Keywords

1 Introduction

Magnetic Resonance Imaging (MRI) has currently become prominent in neurology with the use of high-field scanners, given that MRI contrasting agent is less likely to cause an allergic reaction compared with X-ray or CT scan using iodine-based substances [24]. However, due to modality corruption, incorrect machine settings, allergies to specific contrast agents, and limited available time [7], it is often not guaranteed to obtain a complete set of MRI sequences to provide rich information for clinical diagnosis and therapy. In this regard, the development of cross-modality or cross-protocol MRI synthesis techniques is important to homogenize and “repair” such real-world data collections via efficient data infilling and re-synthesis, and make them accessible for algorithms that require complete data sets as input [2, 10, 23, 30].

Recently a large number of algorithms for medical image synthesis have been proposed with the rapid growth of deep learning techniques [6, 11, 27, 37]. Among them, generative adversarial networks (GANs) with the advantage of recovering an unprecedented level of image realism [15] have achieved significant advancement for medical image synthesis. For example, Ea-GANs [32] incorporated edge information and focused on the textural details of image content structure for cross-modality MRI synthesis. SA-GANS [33] added a sample-adaptive path additionally to learn the relationship of each sample with its neighboring training samples. MM-GAN [5] and mustGAN [34] were designed to deal with multi-modal MRI synthesis with structures capable of fusing latent representations of each input modality. However, these state-of-art methods [5, 7, 10, 13, 32,33,34, 36, 38] fixed the network architecture for various input modality combinations (e.g., T1, T1-weighted, Flair, T1\(+\)Flair, etc.) and ignored the mapping uniqueness between each source domain and target domain pair, and therefore could not reach the optimal solution for all situations using the same network structure.

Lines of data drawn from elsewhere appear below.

text \<open>\<open>P\<close> projects onto the momenta satisfying the tangency condition at \<open>q\<^sup>n\<close>, along the
  constraint forces \<open>\<nabla>\<xi>(q\<^sup>n) \<lambda>\<close>; applied to step (1) it eliminates \<open>\<lambda>\<^sup>n\<^sup>+\<^sup>1\<^sup>/\<^sup>4\<close>.\<close>

lemma O_dt_p14: "O_dt 0 p14"
proof -
  define P where "P = mat 1 - transpose (J qn) ** Ginv qn ** J qn ** Mi"
  define L where "L = \<gamma> ** Mi"
  define c where "c = norm P * (norm pn + norm L * norm pn + norm (\<sigma> *v Gn))"
  have P_mult: "P *v v = v - transpose (J qn) *v (Ginv qn *v (J qn *v (Mi *v v)))" for v
    by (simp add: P_def matrix_vector_mult_diff_rdistrib matrix_vector_mul_assoc[symmetric])
  have P_force: "P *v (transpose (J qn) *v l) = 0" for l
    using Ginv_mult_G[OF qn_on, of l] by (simp add: P_mult G_mult)
  have "\<forall>\<^sub>F dt in at_right 0. norm (p14 dt) \<le> c + (norm P * norm L * dt) * norm (p14 dt)"
    using eventually_dt_q1 eventually_p14_eq eventually_p14_tangent
  proof eventually_elim
    case (elim dt)
    have "p14 dt = P *v p14 dt"
      using elim(3) by (simp add: P_mult)
    also have "\<dots> = P *v (pn - (dt / 4) *\<^sub>R (L *v (pn + p14 dt)) + sqrt (dt / 2) *\<^sub>R (\<sigma> *v Gn))"
      by (subst (1) elim(2)) (simp add: L_def P_force algebra_simps)
    finally have p14_eq:
      "p14 dt = P *v (pn - (dt / 4) *\<^sub>R (L *v (pn + p14 dt)) + sqrt (dt / 2) *\<^sub>R (\<sigma> *v Gn))" .
    have "norm ((dt / 4) *\<^sub>R (L *v (pn + p14 dt))) \<le> dt * (norm L * (norm pn + norm (p14 dt)))"
    proof -
      have "norm (L *v (pn + p14 dt)) \<le> norm L * (norm pn + norm (p14 dt))"
        by (rule order_trans[OF norm_matrix_vector_mult_le])
          (simp add: mult_left_mono norm_triangle_ineq)
      then have "dt / 4 * norm (L *v (pn + p14 dt)) \<le> dt * (norm L * (norm pn + norm (p14 dt)))"
        using elim by (intro mult_mono) auto
      then show ?thesis
        using elim by simp
    qed
    moreover have "norm (sqrt (dt / 2) *\<^sub>R (\<sigma> *v Gn)) \<le> norm (\<sigma> *v Gn)"
      using elim by (simp add: mult_left_le_one_le)
    ultimately have "norm (pn - (dt / 4) *\<^sub>R (L *v (pn + p14 dt)) + sqrt (dt / 2) *\<^sub>R (\<sigma> *v Gn))
        \<le> norm pn + dt * (norm L * (norm pn + norm (p14 dt))) + norm (\<sigma> *v Gn)"
      using norm_triangle_ineq[of "pn - (dt / 4) *\<^sub>R (L *v (pn + p14 dt))" "sqrt (dt / 2) *\<^sub>R (\<sigma> *v Gn)"]
        norm_triangle_ineq4[of pn "(dt / 4) *\<^sub>R (L *v (pn + p14 dt))"] by linarith
    then have "norm (p14 dt)
        \<le> norm P * (norm pn + dt * (norm L * (norm pn + norm (p14 dt))) + norm (\<sigma> *v Gn))"
      by (subst p14_eq) (rule order_trans[OF norm_matrix_vector_mult_le mult_left_mono]; simp)
    also have "\<dots> = norm P * norm pn + dt * (norm P * norm L * norm pn) + norm P * norm (\<sigma> *v Gn)
        + (norm P * norm L * dt) * norm (p14 dt)"
      by (simp add: algebra_simps)
    also have "\<dots> \<le> c + (norm P * norm L * dt) * norm (p14 dt)"
      using mult_left_le_one_le[of "norm P * norm L * norm pn" dt] elim
      by (simp add: c_def algebra_simps)
    finally show ?case .
  qed
  moreover have "((\<lambda>dt. norm P * norm L * dt) \<longlongrightarrow> 0) (at_right 0)"
    by (intro tendsto_eq_intros) auto
  ultimately show ?thesis
    by (rule O_dt_absorb)
qed

lemma G_mult_multiplier:
  assumes "p' = p + transpose (J y) *v l"
  shows "G y *v l = J y *v (Mi *v p') - J y *v (Mi *v p)"
  using assms by (simp add: G_mult algebra_simps)

lemma eventually_lam12_eq:
  "\<forall>\<^sub>F dt in at_right 0. lam12 dt = Ginv qn *v (J qn *v u dt + (dt / 2) *\<^sub>R (J qn *v (Mi *v gV qn)))"
  using eventually_p12_eq eventually_p14_tangent
proof eventually_elim
  case (elim dt)
  have "G qn *v lam12 dt = J qn *v u dt - J qn *v (Mi *v (p14 dt - (dt / 2) *\<^sub>R gV qn))"
    using elim(1) by (intro G_mult_multiplier) simp
  also have "\<dots> = J qn *v u dt + (dt / 2) *\<^sub>R (J qn *v (Mi *v gV qn))"
    using elim(2) by (simp add: algebra_simps)
  finally show ?case
    using Ginv_mult_G[OF qn_on, of "lam12 dt"] by simp
qed

lemma eventually_lam34_eq:
  "\<forall>\<^sub>F dt in at_right 0. lam34 dt
     = Ginv (q1 dt) *v (- (J (q1 dt) *v u dt) + (dt / 2) *\<^sub>R (J (q1 dt) *v (Mi *v gV (q1 dt))))"
  using eventually_p34_eq eventually_p34_tangent eventually_dt_q1
proof eventually_elim
  case (elim dt)
  have "G (q1 dt) *v lam34 dt
      = J (q1 dt) *v (Mi *v p34 dt) - J (q1 dt) *v (Mi *v (p12 dt - (dt / 2) *\<^sub>R gV (q1 dt)))"
    using elim(1) by (intro G_mult_multiplier) simp
  also have "\<dots> = - (J (q1 dt) *v u dt) + (dt / 2) *\<^sub>R (J (q1 dt) *v (Mi *v gV (q1 dt)))"
    using elim(2) by (simp add: algebra_simps)
  finally show ?case
    using elim(3) Ginv_mult_G[of "q1 dt" "lam34 dt"] by simp
qed

lemma dirderiv_scaleR:
  "dirderiv [a *\<^sub>R v] \<xi> y = a *\<^sub>R (J y *v v)"
  "dirderiv [a *\<^sub>R v, a *\<^sub>R v] \<xi> y = a\<^sup>2 *\<^sub>R H y v v"
  using dirderiv_snoc_linear[OF xi_smooth, of "[]" a v 0 0 y]
    dirderiv_snoc_linear[OF xi_smooth, of "[v]" a v 0 0 y]
    dirderiv_Cons_linear[OF xi_smooth, of a v 0 0 "[a *\<^sub>R v]" y]
  by (simp_all add: jacobian_mult_eq_dirderiv[OF xi_smooth] hess_xi_eq_dirderiv[OF xi_smooth]
      power2_eq_square)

Inspired by the great potential of neural architecture search (NAS) in computer vision field [8, 17,18,19, 25, 31, 35, 40], we explore NAS to automatically find an optimal network with fewer computation costs and parameters for different input modalities. Searching for a dedicated MRI synthesizer is essentially promising because the problem nature of using one network for many synthesis tasks caters to the NAS principle of construing one search architecture for multi-jobs. However, how to search the architecture of generative networks according to the different input modalities given to the synthesizer is still unexplored so far. In this paper, we aim to adaptively optimize and construct the neural architecture that is capable of understanding how to extract and merge features according to different input modalities. Specifically, we adopt a GAN-based structure as the backbone of NAS, where the generator of the GAN is searched by gradient-based NAS from the multi-scale module-based search space. Our main contributions of the AutoGAN-Synthesizer are as follows: (1). Aiming at the recovery of realistic texture while constraining model complexity, we propose a GAN-based perceptual searching loss that jointly incorporates the content loss and model complexity. (2). To incorporate richer priors for MRI synthesis, we exploit MRI K-space knowledge containing low-frequency (e.g., contrast and brightness) and high-frequency information (e.g., edges and content details), to guide the NAS network to extract and merge features. (3). Considering that the low- and high-resolution of multi-scale networks can capture the global structure and local details respectively, we use a novel multi-scale module-based search space which is specifically designed for multi-resolution fusion. The module-based searching setting is also capable of reducing search time while maintaining the performance. (4). Finally, our searching strategy can produce a light-weight network with 6.31 Mb parameters from module-based search space only taking 12 GPU hours and achieve state-of-the-art performance. From our knowledge, this is the first work to explore AutoML for cross-modality MRI synthesis tasks.

2 Proposed Method

Fig. 1.
figure 1

(a). Overall architecture of our proposed AutoGAN-Synthesizer. The AutoGAN-Synthesizer contains two parts: 1) A NAS-based generator to adaptively build up an architecture based on input modalities (\(X_{1+k}\), \(X_{2+k}\) or \(X_{3+k}\)). \(X_{i+k}\) represents the input with i modalities and the corresponding K-space features (denoted as k). 2) A discriminator to distinguish between the synthesis and real modality. (b). Generator search space consisting of three modules to capture and fuse the detailed information and the global features from different multi-scale branches: horizontal module, extension module and the composite module. (c). An example of an optimized generator including the three proposed modules.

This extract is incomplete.